Conversely, when attachment relationships are characterized by a lack of attunement, sensitivity, responsiveness and ability of the caregiver to regulate their own emotions or affect, the infant is required to adopt strategies that evoke attention from the caregiver to attend to their needs. Two distinct patterns emerge when infant-parent relationships lack secure functioning; Infants demonstrate either avoidant or ambivalent/resistant behaviors with their parent/s. These two behavioral patterns are broadly termed insecure or non-secure attachment. As the strategies this infant adopts are adaptive and lead to some sense of protection even if not optimal, they are useful and often productive strategies. However, these strategies take energy so are metabolically expensive which can lead to less expendable energy in desired areas such as learning or exploring the world. People with non-secure attachment strategies also tend to have difficulty being alone with their thoughts and exploring their inner world so tend toward distraction or thought rumination instead of turning inward to consider their own thoughts, beliefs and feelings. In the non-secure relational patterns, the need to explore is obstructed as the child remains more focused on the need to maintain protection and manage affective states that the parent/s is not attending to. 

 

It is important to note that in the non-secure dyads, the parent/caregiver has tremendous love for their baby but are limited in providing attunement and sensitivity to their child due to the way that they were parented as they only have their own experiences to serve as their caregiving representations. Research has found that parents with these experiences can learn appropriate ways of interacting with their infant/child with help in developing some understanding/resolution of their suboptimal attachment relationships with their caregivers enabling their child to develop security in their relationship. 

 

Secure and non-secure are both organized strategies meaning that there is some predictability or strategy to gain affect regulation or re-integrate/organize the self.
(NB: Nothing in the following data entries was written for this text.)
text \<open>
  Substituting \<open>t\<^sub>s = x\<^sub>s / y\<^sub>s\<close> turns a feasible point into a way of writing \<open>x = \<Sum> y\<^sub>s t\<^sub>s\<close>
  as a convex combination of points \<open>t\<^sub>s \<in> {l s..l (Suc s)}\<close>, and, at the best choice of the
  \<open>z\<^sub>s\<close>, the objective into \<open>\<Sum> y\<^sub>s \<phi>\<^sub>s(t\<^sub>s)\<close>, where \<open>\<phi>\<^sub>s\<close> is \<open>g\<close> on the convex pieces and the
  secant on the others. The minimum of this expression over all such combinations exists by
  compactness, is at most \<open>\<phi>\<^sub>s(x) = ghat(x)\<close> (put all weight on one piece containing \<open>x\<close>), is at
  least \<open>f(x)\<close> for every convex minorant \<open>f\<close> of \<open>ghat\<close> (Jensen), and is convex in \<open>x\<close>: mixing
  optimal combinations for \<open>x\<^sub>1\<close> and \<open>x\<^sub>2\<close> piece by piece gives a combination for the mixed
  point, and joint convexity of the perspective \<open>(y, t) \<mapsto> y \<phi>\<^sub>s(t)\<close> bounds its value by the
  mixed values.
\<close>

lemma convex_on_perspective_combination:
  fixes f :: "'a::real_vector \<Rightarrow> real"
  assumes f: "convex_on C f" and t1: "t1 \<in> C" and t2: "t2 \<in> C" and a: "0 \<le> a" and b: "0 \<le> b"
  shows "\<exists>t\<in>C. (a + b) *\<^sub>R t = a *\<^sub>R t1 + b *\<^sub>R t2 \<and> (a + b) * f t \<le> a * f t1 + b * f t2"
proof (cases "a + b = 0")
  case True
  then have "a = 0" "b = 0" using a b by linarith+
  then show ?thesis using t1 by auto
next
  case False
  then have ab: "0 < a + b" using a b by linarith
  define t where "t = (a / (a + b)) *\<^sub>R t1 + (b / (a + b)) *\<^sub>R t2"
  have weights: "0 \<le> a / (a + b)" "0 \<le> b / (a + b)" "a / (a + b) + b / (a + b) = 1"
    using a b ab by (auto simp: add_divide_distrib[symmetric])
  have "t \<in> C"
    using convexD[OF convex_on_imp_convex[OF f] t1 t2 weights] by (simp add: t_def)
  moreover have "(a + b) *\<^sub>R t = a *\<^sub>R t1 + b *\<^sub>R t2"
    using ab by (simp add: t_def scaleR_add_right)
  moreover have "(a + b) * f t \<le> a * f t1 + b * f t2"
  proof -
    have "f t \<le> a / (a + b) * f t1 + b / (a + b) * f t2"
      using f t1 t2 weights unfolding convex_on_def t_def by blast
    then have "(a + b) * f t \<le> (a + b) * (a / (a + b) * f t1 + b / (a + b) * f t2)"
      using ab by (simp add: mult_left_mono)
    also have "\<dots> = a * f t1 + b * f t2"
      using ab by (simp add: distrib_left)
    finally show ?thesis .
  qed
  ultimately show ?thesis by blast
qed

lemma convex_on_cong:
  fixes F G :: "'a::real_vector \<Rightarrow> real"
  assumes "\<And>t. t \<in> I \<Longrightarrow> F t = G t"
  shows "convex_on I F \<longleftrightarrow> convex_on I G"
proof -
  have "convex_on I G" if F: "convex_on I F" and FG: "\<And>t. t \<in> I \<Longrightarrow> F t = G t"
    for F G :: "'a \<Rightarrow> real"
    unfolding convex_on_def
  proof (intro conjI ballI allI impI)
    show "convex I" using F by (rule convex_on_imp_convex)
    fix x y and u v :: real
    assume xy: "x \<in> I" "y \<in> I" and uv: "0 \<le> u" "0 \<le> v" "u + v = 1"
    then have "u *\<^sub>R x + v *\<^sub>R y \<in> I"
      using convexD[OF convex_on_imp_convex[OF F]] by blast
    then show "G (u *\<^sub>R x + v *\<^sub>R y) \<le> u * G x + v * G y"
      using F xy uv FG unfolding convex_on_def by metis
  qed
  then show ?thesis
    using assms by metis
qed

lemma is_convex_envelope_cong:
  assumes "\<And>t. t \<in> I \<Longrightarrow> F t = G t"
  shows "is_convex_envelope I h F \<longleftrightarrow> is_convex_envelope I h G"
  using assms convex_on_cong[of I F G] by (auto simp: is_convex_envelope_def)

text \<open>
  \<open>q s = (t\<^sup>s, y\<^sup>s)\<close>. The entries outside \<open>{1..S}\<close> are pinned to \<open>(0, 0)\<close>, which makes the set
  compact in the product topology.
\<close>
definition piece_combinations :: "(nat \<Rightarrow> real) \<Rightarrow> nat \<Rightarrow> real \<Rightarrow> (nat \<Rightarrow> real \<times> real) set" where
  "piece_combinations l S x =
     {q. (\<forall>s. q s \<in> (if s \<in> {1..S} then {l s..l (Suc s)} \<times> {0..1} else {(0, 0)})) \<and>
         (\<Sum>s=1..S. snd (q s)) = 1 \<and> (\<Sum>s=1..S. snd (q s) * fst (q s)) = x}"

definition combination_value :: "(nat \<Rightarrow> real \<Rightarrow> real) \<Rightarrow> nat \<Rightarrow> (nat \<Rightarrow> real \<times> real) \<Rightarrow> real" where
  "combination_value \<phi> S q = (\<Sum>s=1..S. snd (q s) * \<phi> s (fst (q s)))"

lemma piece_combinationsD:
  assumes "q \<in> piece_combinations l S x" and "s \<in> {1..S}"
  shows "fst (q s) \<in> {l s..l (Suc s)}" and "0 \<le> snd (q s)" and "snd (q s) \<le> 1"
proof -
  have "q s \<in> {l s..l (Suc s)} \<times> {0..1}"
    using assms unfolding piece_combinations_def by (metis (mono_tags, lifting) mem_Collect_eq)
  then show "fst (q s) \<in> {l s..l (Suc s)}" "0 \<le> snd (q s)" "snd (q s) \<le> 1"
    by (auto simp: mem_Times_iff)
qed

lemma compact_piece_combinations: "compact (piece_combinations l S x)"
proof -
  define B where "B s = (if s \<in> {1..S} then {l s..l (Suc s)} \<times> {0..1} else {(0::real, 0::real)})" for s
  have "compactin (product_topology (\<lambda>_. euclidean) UNIV) (PiE UNIV B)"
    unfolding compactin_PiE by (auto simp: B_def compact_Times)
  then have "compact (PiE UNIV B)"
    by (simp add: euclidean_product_topology)
  moreover have "closed {q::nat \<Rightarrow> real \<times> real. (\<Sum>s=1..S. snd (q s)) = 1}"
    by (intro closed_Collect_eq continuous_intros) auto
  moreover have "closed {q::nat \<Rightarrow> real \<times> real. (\<Sum>s=1..S. snd (q s) * fst (q s)) = x}"
    by (intro closed_Collect_eq continuous_intros) auto
  moreover have "piece_combinations l S x = PiE UNIV B \<inter> {q. (\<Sum>s=1..S. snd (q s)) = 1} \<inter>
      {q. (\<Sum>s=1..S. snd (q s) * fst (q s)) = x}"
    unfolding piece_combinations_def B_def by (auto simp: PiE_UNIV_domain Pi_def)
  ultimately show ?thesis
    by (simp add: compact_Int_closed closed_Int)
qed

lemma continuous_on_combination_value:
  assumes "\<And>s. s \<in> {1..S} \<Longrightarrow> continuous_on {l s..l (Suc s)} (\<phi> s)"
  shows "continuous_on (piece_combinations l S x) (combination_value \<phi> S)"
  unfolding combination_value_def
proof (intro continuous_on_sum continuous_on_mult)
  fix s assume s: "s \<in> {1..S}"
  show "continuous_on (piece_combinations l S x) (\<lambda>q. snd (q s))"
    by (intro continuous_intros continuous_on_subset[OF continuous_on_product_coordinates]) auto
  show "continuous_on (piece_combinations l S x) (\<lambda>q. \<phi> s (fst (q s)))"
  proof (rule continuous_on_compose2[OF assms[OF s]])
    show "continuous_on (piece_combinations l S x) (\<lambda>q. fst (q s))"
      by (intro continuous_intros continuous_on_subset[OF continuous_on_product_coordinates]) auto
    show "(\<lambda>q. fst (q s)) ` piece_combinations l S x \<subseteq> {l s..l (Suc s)}"
      using piece_combinationsD(1)[OF _ s] by blast
  qed
qed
In circumstances when the parent/caregiver has experienced trauma that is not resolved or struggles with significant dysregulation themselves prohibiting them from engaging in attuned and contingent interactions with their child, the child cannot use the parent to help them regulate their immature nervous system leaving them without effective strategies for regaining regulation also referred to as organization or integration. Infants that display a lack of strategy to gain proximity to a caregiver are referred to as disorganized/dysregulated. Research has shown that infants and children in this category without therapeutic intervention have higher rates of psychopathology (lack of ability to regulate affect) in adolescents and adulthood. However, numerous studies of children who display disorganization/dysregulation benefit greatly when parents learn to regulate themselves with more frequency allowing them to predictably engage with attunement and sensitivity to their child’s needs.

 

Decades of research has shown that non-secure attachment strategies are quite stable throughout the lifetime but can be altered with intervention of an attuned, sensitive, consistent adult such as a therapist teacher, mentor or romantic partner. As a therapist with extensive training in attachment, I often help people explore their strategies (ability to regulate) to examine how well the strategies are working for them at this stage of their lives as the strategies that we adopt in childhood are effective with our parents, they can-and often are, maladaptive or not functioning well in our peer or adult relationships. If in our exploration of our attachment strategies we find that our ability to regulate (integrate) is sub-optimal, we work collaboratively to identify specific ways to attain more optimal regulation promoting greater flexibility and balance in our nervous system as well as more satisfying relationships.